> Task description: Copy exactly the lines of the data below that run from the line holding "by (intro bexI[of" through the line holding "using assms(3) by (simp add: spike_eq_fzero_iff)", both ends included.

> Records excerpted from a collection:
■ ■ ■
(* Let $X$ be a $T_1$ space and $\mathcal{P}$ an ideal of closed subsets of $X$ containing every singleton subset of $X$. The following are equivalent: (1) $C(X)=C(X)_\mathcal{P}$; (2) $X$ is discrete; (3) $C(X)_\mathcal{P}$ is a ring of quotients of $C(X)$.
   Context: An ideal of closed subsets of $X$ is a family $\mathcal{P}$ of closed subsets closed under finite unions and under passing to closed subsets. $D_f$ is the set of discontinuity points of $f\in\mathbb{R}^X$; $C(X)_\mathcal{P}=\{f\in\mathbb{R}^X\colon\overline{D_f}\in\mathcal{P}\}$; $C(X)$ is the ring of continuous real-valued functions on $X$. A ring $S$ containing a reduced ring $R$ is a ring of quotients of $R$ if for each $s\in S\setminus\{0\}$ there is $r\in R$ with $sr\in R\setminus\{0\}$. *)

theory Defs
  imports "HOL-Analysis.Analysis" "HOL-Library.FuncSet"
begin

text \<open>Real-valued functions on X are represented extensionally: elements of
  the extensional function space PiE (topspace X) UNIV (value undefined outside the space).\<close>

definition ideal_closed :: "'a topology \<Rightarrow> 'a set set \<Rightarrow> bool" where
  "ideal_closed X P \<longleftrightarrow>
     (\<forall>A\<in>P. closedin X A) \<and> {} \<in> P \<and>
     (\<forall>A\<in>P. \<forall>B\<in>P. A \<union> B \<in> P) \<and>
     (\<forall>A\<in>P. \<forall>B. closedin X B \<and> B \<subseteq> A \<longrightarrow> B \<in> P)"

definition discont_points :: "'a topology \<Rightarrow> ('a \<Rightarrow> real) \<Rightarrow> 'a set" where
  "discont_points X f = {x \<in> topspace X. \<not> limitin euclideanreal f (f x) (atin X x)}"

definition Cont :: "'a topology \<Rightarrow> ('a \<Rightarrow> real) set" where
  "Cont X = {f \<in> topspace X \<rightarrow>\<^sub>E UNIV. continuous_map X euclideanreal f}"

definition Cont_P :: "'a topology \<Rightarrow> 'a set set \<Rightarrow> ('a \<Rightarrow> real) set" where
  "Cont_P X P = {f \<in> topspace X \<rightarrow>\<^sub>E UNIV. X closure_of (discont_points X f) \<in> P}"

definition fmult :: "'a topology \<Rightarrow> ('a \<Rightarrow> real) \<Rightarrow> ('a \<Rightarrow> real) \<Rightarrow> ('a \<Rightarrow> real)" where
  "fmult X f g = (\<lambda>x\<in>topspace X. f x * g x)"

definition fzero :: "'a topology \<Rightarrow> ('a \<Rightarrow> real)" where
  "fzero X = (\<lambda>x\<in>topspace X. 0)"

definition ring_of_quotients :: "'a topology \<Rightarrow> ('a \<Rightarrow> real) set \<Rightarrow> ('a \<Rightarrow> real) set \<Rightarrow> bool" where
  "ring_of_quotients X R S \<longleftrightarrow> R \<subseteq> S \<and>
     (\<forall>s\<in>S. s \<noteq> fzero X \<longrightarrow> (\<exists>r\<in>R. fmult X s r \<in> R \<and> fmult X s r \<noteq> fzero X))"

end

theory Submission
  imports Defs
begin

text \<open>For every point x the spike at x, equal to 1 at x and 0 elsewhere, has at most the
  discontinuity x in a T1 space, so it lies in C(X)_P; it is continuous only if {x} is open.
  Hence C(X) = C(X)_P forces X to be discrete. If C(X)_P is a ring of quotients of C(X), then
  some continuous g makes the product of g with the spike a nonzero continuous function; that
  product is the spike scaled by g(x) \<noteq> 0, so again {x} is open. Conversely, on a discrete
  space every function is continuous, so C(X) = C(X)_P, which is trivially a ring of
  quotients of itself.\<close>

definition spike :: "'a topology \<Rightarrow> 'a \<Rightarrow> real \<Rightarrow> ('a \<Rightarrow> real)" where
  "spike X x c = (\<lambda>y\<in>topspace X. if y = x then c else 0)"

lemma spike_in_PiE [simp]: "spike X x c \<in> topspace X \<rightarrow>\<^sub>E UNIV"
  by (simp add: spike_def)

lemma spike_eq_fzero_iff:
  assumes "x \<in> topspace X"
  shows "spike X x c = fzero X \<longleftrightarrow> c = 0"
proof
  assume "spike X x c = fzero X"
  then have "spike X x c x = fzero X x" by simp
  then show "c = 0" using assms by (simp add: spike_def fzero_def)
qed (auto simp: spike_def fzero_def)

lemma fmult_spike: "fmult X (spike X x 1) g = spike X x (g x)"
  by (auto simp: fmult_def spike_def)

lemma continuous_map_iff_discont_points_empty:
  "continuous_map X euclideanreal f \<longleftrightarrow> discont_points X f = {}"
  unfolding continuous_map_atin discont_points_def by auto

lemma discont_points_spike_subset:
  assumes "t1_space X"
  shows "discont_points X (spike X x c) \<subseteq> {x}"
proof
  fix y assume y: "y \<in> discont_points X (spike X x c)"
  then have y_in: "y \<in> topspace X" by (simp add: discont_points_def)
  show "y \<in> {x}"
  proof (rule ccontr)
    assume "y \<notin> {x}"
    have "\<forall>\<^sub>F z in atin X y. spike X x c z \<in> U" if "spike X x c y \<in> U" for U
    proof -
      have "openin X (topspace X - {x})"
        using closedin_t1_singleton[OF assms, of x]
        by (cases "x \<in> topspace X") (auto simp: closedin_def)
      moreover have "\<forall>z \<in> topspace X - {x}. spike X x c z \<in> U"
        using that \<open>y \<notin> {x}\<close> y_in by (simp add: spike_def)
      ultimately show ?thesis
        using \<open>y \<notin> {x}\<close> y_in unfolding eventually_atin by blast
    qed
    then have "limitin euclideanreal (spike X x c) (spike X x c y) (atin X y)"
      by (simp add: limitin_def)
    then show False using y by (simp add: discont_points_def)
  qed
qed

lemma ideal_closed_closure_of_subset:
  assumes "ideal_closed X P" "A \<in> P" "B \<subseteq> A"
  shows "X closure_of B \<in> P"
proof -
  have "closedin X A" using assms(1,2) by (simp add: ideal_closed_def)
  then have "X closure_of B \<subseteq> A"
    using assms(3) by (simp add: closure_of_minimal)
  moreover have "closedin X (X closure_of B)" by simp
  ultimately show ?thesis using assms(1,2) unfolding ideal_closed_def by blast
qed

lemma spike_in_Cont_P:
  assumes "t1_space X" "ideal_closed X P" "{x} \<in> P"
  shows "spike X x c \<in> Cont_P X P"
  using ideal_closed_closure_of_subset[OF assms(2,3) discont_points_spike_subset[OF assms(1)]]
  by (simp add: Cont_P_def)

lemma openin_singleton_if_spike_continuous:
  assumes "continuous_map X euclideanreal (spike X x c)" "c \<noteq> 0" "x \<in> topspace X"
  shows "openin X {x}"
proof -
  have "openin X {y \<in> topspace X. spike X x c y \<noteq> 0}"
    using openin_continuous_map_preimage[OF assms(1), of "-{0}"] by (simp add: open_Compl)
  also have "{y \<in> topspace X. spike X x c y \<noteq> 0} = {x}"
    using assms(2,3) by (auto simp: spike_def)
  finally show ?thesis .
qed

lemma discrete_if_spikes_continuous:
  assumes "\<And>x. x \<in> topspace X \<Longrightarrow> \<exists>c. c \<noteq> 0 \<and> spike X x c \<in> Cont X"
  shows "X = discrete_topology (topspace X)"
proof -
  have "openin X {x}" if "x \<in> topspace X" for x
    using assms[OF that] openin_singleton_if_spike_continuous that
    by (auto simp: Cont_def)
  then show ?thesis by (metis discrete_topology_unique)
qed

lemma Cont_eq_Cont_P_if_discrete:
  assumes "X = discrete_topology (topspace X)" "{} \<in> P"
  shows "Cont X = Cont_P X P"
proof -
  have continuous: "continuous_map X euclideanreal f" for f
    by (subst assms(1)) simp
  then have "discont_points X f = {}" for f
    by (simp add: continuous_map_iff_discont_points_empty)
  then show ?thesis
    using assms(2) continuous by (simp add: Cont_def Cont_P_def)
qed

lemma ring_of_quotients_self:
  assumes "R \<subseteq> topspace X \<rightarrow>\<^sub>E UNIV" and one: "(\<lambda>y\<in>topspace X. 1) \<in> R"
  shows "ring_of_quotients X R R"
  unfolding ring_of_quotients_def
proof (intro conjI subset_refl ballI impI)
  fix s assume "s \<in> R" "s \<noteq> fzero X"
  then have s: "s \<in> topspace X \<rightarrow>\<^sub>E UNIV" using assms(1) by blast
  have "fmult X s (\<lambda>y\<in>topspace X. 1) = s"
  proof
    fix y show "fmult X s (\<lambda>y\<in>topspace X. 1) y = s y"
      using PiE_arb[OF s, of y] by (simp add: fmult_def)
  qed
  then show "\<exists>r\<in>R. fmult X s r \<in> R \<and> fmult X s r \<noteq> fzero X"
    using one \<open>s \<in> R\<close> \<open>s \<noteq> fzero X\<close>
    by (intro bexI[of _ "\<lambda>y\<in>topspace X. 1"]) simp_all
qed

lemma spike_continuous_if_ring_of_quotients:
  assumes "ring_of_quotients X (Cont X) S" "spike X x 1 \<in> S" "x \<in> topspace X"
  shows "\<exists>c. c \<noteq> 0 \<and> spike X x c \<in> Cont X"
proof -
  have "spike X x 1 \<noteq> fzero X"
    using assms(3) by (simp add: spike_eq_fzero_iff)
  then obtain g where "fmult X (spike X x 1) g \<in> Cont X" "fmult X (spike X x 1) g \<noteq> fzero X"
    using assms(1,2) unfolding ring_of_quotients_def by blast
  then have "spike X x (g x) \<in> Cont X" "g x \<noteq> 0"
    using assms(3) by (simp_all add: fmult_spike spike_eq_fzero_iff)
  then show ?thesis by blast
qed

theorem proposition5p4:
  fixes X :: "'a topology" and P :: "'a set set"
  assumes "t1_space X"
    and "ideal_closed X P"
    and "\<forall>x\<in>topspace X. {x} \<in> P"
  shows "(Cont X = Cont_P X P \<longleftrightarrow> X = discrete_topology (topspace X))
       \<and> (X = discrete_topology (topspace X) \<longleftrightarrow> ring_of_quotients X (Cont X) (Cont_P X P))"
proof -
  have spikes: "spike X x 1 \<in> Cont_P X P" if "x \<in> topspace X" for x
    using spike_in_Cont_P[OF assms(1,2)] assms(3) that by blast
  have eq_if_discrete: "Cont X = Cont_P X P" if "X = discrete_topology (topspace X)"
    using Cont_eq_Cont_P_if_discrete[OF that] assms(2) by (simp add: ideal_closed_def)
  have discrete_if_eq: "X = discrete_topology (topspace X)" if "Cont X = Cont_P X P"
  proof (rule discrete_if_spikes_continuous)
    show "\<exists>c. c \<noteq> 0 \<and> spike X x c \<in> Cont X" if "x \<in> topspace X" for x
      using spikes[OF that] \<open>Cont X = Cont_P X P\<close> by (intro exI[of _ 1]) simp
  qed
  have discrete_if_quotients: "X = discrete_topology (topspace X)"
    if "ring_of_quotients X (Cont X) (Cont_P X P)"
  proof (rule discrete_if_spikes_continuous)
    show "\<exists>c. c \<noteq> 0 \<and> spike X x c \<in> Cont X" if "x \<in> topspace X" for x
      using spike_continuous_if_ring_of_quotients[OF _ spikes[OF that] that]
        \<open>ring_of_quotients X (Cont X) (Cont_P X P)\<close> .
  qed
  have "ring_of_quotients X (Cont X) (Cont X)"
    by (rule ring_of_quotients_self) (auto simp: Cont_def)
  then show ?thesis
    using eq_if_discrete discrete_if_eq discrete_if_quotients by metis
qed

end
■ ■ ■
> Answer space:
    by (intro bexI[of _ "\<lambda>y\<in>topspace X. 1"]) simp_all
qed

lemma spike_continuous_if_ring_of_quotients:
  assumes "ring_of_quotients X (Cont X) S" "spike X x 1 \<in> S" "x \<in> topspace X"
  shows "\<exists>c. c \<noteq> 0 \<and> spike X x c \<in> Cont X"
proof -
  have "spike X x 1 \<noteq> fzero X"
    using assms(3) by (simp add: spike_eq_fzero_iff)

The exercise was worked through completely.